=== WHAT IS NEEDED ===
The entries below contain a stretch that opens with the line containing "0) \<and> fvec" and closes with the line containing "a)) \<le> exp"; set down that stretch exactly, both ends included, and nothing else.

##### PROVIDED ENTRIES #####

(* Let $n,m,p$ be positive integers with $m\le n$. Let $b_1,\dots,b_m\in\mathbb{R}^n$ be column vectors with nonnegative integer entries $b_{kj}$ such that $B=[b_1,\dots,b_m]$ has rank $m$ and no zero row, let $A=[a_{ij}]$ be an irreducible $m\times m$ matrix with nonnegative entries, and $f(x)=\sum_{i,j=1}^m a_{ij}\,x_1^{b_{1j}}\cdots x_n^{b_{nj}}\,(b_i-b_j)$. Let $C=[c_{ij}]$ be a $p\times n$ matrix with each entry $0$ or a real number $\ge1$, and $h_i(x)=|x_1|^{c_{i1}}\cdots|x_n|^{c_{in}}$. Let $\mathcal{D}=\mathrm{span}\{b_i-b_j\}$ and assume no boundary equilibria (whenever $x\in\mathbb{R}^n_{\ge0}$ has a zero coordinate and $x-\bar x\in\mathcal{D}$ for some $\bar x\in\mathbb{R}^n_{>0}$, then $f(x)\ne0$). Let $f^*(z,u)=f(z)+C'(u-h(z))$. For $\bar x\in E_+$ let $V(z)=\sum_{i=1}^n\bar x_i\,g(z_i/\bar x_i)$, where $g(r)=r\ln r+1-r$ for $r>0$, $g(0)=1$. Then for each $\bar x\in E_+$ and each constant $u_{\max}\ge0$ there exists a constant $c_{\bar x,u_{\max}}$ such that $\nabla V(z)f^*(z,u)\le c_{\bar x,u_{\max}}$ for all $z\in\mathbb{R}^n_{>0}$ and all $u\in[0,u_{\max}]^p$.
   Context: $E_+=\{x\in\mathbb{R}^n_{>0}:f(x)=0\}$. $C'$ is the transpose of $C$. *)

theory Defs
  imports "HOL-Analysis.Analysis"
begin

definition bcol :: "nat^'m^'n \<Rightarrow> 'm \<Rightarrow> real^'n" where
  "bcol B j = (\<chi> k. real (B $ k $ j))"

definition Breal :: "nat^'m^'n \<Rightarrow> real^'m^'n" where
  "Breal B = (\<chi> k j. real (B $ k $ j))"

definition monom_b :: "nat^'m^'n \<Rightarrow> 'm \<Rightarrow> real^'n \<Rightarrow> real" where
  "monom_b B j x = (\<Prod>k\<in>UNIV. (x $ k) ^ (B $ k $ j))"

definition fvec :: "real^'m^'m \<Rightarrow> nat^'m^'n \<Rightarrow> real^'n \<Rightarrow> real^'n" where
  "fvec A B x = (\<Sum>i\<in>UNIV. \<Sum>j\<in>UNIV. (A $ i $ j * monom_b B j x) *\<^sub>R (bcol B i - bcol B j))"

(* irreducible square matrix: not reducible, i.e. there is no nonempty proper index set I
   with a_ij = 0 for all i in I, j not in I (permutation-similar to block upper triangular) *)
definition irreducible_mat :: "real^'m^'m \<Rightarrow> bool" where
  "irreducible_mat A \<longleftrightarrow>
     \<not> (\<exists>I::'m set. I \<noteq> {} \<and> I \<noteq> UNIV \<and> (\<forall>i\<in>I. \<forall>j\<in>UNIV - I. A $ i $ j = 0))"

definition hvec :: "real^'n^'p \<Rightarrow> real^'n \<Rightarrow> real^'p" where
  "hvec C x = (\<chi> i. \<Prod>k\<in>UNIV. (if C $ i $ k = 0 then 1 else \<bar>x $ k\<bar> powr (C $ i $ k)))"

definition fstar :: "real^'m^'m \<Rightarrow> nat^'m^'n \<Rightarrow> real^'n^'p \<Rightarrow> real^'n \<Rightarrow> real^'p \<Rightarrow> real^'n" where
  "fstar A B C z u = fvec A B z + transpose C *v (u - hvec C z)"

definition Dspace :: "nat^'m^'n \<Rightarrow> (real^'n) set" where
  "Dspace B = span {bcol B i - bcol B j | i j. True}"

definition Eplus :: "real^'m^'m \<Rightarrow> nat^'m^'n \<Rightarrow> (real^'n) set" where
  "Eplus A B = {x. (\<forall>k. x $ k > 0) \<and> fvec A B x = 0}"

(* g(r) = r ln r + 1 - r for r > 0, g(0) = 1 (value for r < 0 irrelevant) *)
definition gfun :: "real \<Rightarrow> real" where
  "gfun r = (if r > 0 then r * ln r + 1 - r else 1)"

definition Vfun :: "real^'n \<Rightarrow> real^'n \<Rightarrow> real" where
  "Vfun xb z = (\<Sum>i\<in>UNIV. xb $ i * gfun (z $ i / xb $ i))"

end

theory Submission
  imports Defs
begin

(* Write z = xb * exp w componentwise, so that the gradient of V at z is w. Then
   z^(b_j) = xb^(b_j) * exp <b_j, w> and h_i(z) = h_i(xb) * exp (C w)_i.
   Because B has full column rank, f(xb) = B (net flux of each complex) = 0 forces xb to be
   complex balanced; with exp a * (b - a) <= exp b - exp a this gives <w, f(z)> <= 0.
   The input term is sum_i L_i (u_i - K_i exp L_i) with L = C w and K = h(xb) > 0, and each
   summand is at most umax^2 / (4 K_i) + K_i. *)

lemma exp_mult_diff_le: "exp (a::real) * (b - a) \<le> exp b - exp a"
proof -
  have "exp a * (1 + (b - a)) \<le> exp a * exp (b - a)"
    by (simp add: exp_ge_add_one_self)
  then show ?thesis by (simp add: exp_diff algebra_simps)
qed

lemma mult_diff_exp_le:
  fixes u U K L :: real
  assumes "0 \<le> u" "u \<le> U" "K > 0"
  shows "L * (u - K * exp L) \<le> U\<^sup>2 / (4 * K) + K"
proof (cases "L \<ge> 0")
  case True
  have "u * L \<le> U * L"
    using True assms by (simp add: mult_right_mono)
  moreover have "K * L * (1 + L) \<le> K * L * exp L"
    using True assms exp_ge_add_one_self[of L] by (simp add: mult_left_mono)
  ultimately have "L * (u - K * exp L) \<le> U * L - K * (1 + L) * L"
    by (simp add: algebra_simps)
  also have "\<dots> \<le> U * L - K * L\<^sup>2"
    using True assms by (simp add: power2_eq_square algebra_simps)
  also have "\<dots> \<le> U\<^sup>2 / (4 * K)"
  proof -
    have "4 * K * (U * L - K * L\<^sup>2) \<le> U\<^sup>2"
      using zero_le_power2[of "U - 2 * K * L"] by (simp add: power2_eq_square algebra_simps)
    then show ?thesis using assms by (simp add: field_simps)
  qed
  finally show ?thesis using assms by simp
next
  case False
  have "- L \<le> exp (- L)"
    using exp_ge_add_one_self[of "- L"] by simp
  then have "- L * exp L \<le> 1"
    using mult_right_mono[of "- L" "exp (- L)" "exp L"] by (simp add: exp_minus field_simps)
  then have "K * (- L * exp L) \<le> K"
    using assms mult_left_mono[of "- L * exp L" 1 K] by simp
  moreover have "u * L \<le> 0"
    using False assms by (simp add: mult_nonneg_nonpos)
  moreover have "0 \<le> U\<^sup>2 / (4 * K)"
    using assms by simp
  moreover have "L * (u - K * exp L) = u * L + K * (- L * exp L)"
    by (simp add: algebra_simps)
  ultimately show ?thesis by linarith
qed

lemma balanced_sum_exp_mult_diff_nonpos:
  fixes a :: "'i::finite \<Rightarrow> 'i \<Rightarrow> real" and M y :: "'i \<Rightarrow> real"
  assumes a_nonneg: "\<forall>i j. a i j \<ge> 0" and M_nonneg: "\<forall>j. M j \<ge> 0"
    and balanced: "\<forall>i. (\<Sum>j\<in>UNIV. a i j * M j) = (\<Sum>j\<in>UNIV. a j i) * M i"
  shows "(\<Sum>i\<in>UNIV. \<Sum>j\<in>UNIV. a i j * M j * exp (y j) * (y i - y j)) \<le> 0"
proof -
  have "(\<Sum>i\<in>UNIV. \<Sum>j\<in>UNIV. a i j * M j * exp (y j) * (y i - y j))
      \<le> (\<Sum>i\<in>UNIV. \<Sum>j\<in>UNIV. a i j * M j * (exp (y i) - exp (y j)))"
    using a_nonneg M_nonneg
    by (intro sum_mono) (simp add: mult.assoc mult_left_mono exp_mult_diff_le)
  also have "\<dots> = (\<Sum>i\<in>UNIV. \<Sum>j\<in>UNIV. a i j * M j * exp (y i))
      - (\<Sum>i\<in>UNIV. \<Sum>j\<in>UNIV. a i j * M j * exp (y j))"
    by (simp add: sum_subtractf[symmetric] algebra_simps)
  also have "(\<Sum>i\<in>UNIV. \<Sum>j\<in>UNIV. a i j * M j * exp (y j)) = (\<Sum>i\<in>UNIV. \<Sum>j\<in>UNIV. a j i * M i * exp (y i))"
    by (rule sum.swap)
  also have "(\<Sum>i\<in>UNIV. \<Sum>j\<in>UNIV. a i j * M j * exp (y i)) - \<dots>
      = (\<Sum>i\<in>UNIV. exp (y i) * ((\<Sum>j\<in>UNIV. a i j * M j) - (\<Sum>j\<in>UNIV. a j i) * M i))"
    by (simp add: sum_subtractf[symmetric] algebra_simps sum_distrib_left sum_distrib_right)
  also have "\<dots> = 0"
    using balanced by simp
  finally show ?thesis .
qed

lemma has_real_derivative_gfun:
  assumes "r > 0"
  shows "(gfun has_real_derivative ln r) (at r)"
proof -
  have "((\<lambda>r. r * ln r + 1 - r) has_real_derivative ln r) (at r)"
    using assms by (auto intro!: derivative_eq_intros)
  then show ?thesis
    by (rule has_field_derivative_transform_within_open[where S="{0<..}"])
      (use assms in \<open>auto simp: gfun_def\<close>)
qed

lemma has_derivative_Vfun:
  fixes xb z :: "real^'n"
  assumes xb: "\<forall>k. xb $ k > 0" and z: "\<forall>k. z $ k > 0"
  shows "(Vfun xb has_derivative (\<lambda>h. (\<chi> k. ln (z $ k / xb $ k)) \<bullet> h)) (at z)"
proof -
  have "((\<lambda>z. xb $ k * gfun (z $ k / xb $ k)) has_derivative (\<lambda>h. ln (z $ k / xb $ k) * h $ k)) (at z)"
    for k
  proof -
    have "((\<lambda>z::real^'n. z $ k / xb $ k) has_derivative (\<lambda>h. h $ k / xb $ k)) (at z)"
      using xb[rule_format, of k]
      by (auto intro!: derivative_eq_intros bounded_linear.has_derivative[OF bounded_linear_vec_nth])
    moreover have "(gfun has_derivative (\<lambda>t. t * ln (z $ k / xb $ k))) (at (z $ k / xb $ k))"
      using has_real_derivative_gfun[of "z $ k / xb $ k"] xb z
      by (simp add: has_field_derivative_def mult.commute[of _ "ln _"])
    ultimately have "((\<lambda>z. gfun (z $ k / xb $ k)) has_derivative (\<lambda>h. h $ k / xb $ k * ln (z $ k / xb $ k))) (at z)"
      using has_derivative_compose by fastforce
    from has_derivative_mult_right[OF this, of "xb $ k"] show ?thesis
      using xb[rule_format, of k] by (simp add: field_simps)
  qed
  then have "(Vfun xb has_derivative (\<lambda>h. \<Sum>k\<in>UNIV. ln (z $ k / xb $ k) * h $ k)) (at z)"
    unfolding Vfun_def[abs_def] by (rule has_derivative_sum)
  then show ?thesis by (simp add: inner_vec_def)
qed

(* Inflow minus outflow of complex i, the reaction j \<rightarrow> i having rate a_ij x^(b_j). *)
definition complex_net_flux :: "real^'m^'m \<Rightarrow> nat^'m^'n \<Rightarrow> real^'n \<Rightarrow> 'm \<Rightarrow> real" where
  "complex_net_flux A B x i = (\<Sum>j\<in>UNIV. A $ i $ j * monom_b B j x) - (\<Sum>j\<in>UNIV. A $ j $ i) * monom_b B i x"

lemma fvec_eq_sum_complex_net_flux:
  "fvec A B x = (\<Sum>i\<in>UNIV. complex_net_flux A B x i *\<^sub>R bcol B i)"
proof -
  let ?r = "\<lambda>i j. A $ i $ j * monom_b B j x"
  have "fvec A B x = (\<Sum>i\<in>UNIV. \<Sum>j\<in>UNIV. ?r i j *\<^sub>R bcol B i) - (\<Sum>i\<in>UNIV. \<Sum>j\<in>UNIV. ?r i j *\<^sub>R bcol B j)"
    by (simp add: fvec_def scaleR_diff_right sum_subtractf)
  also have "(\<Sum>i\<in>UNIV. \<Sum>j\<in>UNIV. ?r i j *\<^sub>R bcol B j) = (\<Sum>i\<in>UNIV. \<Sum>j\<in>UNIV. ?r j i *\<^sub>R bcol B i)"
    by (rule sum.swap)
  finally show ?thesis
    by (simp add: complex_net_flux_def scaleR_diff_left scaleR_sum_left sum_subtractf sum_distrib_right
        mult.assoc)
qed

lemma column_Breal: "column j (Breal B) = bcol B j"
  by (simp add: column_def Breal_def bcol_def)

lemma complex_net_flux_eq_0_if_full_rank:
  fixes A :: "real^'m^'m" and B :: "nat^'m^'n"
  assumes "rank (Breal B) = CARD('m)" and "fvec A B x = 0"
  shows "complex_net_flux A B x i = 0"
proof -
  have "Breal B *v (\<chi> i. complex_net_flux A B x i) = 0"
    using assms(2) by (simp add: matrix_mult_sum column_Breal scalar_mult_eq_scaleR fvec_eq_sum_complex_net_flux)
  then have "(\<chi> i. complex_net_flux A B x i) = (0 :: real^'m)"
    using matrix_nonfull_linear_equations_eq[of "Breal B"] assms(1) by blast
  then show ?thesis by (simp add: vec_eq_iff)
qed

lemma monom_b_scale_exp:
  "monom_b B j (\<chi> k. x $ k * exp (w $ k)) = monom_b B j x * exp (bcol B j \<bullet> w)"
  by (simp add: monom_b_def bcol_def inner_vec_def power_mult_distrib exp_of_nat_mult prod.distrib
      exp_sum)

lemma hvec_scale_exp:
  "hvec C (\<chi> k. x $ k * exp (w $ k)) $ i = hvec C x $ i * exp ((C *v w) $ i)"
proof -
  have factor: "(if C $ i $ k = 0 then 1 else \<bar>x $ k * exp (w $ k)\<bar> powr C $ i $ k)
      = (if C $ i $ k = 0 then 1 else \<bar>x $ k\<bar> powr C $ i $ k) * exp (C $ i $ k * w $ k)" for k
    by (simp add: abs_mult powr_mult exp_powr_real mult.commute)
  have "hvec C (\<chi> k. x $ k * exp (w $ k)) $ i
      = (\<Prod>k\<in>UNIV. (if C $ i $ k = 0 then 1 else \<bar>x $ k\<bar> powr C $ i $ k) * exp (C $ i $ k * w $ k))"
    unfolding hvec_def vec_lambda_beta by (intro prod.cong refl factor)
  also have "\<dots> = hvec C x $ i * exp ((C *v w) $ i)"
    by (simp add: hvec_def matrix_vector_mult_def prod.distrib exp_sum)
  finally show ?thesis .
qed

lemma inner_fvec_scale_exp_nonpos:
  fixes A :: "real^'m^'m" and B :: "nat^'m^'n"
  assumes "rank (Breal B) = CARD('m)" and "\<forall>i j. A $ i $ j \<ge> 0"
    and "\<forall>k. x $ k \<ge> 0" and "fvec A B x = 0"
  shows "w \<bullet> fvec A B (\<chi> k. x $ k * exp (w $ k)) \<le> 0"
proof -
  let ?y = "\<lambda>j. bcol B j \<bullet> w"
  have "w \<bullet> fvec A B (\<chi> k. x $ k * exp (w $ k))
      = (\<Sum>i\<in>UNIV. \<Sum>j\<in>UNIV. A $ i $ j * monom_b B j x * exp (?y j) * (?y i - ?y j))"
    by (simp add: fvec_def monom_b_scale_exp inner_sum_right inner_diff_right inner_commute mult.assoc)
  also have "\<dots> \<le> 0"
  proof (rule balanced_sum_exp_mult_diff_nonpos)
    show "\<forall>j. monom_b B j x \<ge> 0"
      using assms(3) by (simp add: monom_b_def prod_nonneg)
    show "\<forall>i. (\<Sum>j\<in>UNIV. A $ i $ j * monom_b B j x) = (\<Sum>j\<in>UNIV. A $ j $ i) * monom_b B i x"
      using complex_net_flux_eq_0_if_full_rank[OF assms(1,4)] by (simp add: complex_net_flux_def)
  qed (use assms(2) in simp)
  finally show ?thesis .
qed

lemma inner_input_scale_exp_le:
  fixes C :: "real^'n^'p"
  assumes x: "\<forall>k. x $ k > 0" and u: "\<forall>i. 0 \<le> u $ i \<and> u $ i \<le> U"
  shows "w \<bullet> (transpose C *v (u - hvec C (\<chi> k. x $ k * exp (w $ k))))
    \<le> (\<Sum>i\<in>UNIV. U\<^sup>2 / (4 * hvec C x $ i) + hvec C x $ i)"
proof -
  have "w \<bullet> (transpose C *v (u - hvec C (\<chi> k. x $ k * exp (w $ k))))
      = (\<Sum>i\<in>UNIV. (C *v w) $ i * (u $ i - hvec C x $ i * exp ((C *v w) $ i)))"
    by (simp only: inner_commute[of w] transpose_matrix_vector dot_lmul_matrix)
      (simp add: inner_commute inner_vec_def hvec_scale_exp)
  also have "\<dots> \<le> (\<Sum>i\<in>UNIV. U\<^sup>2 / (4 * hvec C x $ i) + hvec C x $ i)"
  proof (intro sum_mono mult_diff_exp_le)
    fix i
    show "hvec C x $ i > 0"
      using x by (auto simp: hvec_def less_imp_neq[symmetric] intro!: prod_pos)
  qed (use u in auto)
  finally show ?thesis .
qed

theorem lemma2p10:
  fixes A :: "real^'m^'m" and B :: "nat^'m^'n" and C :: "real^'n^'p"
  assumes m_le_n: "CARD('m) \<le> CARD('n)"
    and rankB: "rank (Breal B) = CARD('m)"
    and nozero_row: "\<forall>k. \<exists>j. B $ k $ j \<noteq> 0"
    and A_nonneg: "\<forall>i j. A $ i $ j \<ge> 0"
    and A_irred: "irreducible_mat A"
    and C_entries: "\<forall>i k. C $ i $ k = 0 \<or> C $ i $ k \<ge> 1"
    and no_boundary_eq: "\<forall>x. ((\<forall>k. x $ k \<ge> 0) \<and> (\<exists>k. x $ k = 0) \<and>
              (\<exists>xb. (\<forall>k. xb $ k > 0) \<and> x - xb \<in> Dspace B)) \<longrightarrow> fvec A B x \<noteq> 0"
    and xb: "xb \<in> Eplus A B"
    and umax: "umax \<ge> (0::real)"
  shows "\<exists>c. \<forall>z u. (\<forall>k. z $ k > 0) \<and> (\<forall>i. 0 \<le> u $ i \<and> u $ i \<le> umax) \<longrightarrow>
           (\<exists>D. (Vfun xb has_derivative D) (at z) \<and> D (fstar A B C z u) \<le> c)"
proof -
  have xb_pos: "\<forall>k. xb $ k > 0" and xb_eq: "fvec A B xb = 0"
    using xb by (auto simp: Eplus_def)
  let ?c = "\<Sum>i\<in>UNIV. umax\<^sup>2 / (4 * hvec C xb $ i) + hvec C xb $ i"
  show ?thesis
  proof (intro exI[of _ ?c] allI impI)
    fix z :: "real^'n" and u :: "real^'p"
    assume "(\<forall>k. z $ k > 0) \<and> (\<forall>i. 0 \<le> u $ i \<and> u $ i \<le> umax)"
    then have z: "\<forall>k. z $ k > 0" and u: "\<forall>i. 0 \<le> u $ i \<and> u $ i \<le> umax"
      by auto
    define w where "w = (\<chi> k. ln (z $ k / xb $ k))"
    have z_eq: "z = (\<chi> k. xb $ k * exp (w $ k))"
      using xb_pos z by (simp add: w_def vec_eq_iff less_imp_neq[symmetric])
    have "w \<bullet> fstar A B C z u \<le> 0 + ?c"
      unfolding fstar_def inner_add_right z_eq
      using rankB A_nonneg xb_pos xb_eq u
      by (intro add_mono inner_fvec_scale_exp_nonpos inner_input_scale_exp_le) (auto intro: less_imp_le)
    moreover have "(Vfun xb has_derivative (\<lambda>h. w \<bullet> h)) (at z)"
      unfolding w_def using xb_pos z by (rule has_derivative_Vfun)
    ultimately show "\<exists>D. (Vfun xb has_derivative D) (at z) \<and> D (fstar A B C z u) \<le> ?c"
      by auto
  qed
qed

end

#####
##### PROVIDED ENTRIES #####

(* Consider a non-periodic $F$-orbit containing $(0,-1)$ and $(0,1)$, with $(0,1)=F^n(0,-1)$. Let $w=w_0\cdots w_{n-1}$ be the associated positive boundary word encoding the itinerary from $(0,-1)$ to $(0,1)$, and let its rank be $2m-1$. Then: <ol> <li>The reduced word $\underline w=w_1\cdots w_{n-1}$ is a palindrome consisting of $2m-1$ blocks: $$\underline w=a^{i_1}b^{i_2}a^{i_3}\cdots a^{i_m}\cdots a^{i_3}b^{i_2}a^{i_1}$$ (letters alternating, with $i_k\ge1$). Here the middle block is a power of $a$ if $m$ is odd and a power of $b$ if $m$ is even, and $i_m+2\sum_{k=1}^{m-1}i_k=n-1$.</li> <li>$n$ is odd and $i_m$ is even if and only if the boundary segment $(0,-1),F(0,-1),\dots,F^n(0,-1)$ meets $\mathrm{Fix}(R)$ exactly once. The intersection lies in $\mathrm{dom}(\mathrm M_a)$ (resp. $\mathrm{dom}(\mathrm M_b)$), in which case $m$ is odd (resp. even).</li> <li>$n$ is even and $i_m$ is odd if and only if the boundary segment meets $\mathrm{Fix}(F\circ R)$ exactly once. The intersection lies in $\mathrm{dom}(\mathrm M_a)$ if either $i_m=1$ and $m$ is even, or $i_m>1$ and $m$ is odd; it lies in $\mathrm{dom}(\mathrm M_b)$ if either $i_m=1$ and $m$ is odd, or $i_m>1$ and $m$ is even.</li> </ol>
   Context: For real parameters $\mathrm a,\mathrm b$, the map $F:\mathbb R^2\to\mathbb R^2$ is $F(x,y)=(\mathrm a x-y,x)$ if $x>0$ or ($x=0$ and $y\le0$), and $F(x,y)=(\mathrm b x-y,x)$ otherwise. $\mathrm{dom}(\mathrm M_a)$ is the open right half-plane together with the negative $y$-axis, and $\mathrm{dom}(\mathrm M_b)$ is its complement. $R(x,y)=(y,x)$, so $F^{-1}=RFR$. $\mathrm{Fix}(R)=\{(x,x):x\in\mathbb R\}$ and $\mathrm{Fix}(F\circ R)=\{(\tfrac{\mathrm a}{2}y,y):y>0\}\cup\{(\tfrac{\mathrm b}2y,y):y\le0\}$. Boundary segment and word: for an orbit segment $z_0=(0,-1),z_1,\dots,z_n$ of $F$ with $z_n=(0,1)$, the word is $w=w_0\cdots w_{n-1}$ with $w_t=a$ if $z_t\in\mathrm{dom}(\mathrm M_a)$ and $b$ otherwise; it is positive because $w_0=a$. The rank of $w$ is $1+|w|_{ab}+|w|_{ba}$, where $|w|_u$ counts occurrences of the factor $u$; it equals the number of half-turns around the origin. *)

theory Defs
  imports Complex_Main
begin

#####

=== TASK RESPONSE ===
  "Eplus A B = {x. (\<forall>k. x $ k > 0) \<and> fvec A B x = 0}"

(* g(r) = r ln r + 1 - r for r > 0, g(0) = 1 (value for r < 0 irrelevant) *)
definition gfun :: "real \<Rightarrow> real" where
  "gfun r = (if r > 0 then r * ln r + 1 - r else 1)"

definition Vfun :: "real^'n \<Rightarrow> real^'n \<Rightarrow> real" where
  "Vfun xb z = (\<Sum>i\<in>UNIV. xb $ i * gfun (z $ i / xb $ i))"

end

theory Submission
  imports Defs
begin

(* Write z = xb * exp w componentwise, so that the gradient of V at z is w. Then
   z^(b_j) = xb^(b_j) * exp <b_j, w> and h_i(z) = h_i(xb) * exp (C w)_i.
   Because B has full column rank, f(xb) = B (net flux of each complex) = 0 forces xb to be
   complex balanced; with exp a * (b - a) <= exp b - exp a this gives <w, f(z)> <= 0.
   The input term is sum_i L_i (u_i - K_i exp L_i) with L = C w and K = h(xb) > 0, and each
   summand is at most umax^2 / (4 K_i) + K_i. *)

lemma exp_mult_diff_le: "exp (a::real) * (b - a) \<le> exp b - exp a"
proof -
  have "exp a * (1 + (b - a)) \<le> exp a * exp (b - a)"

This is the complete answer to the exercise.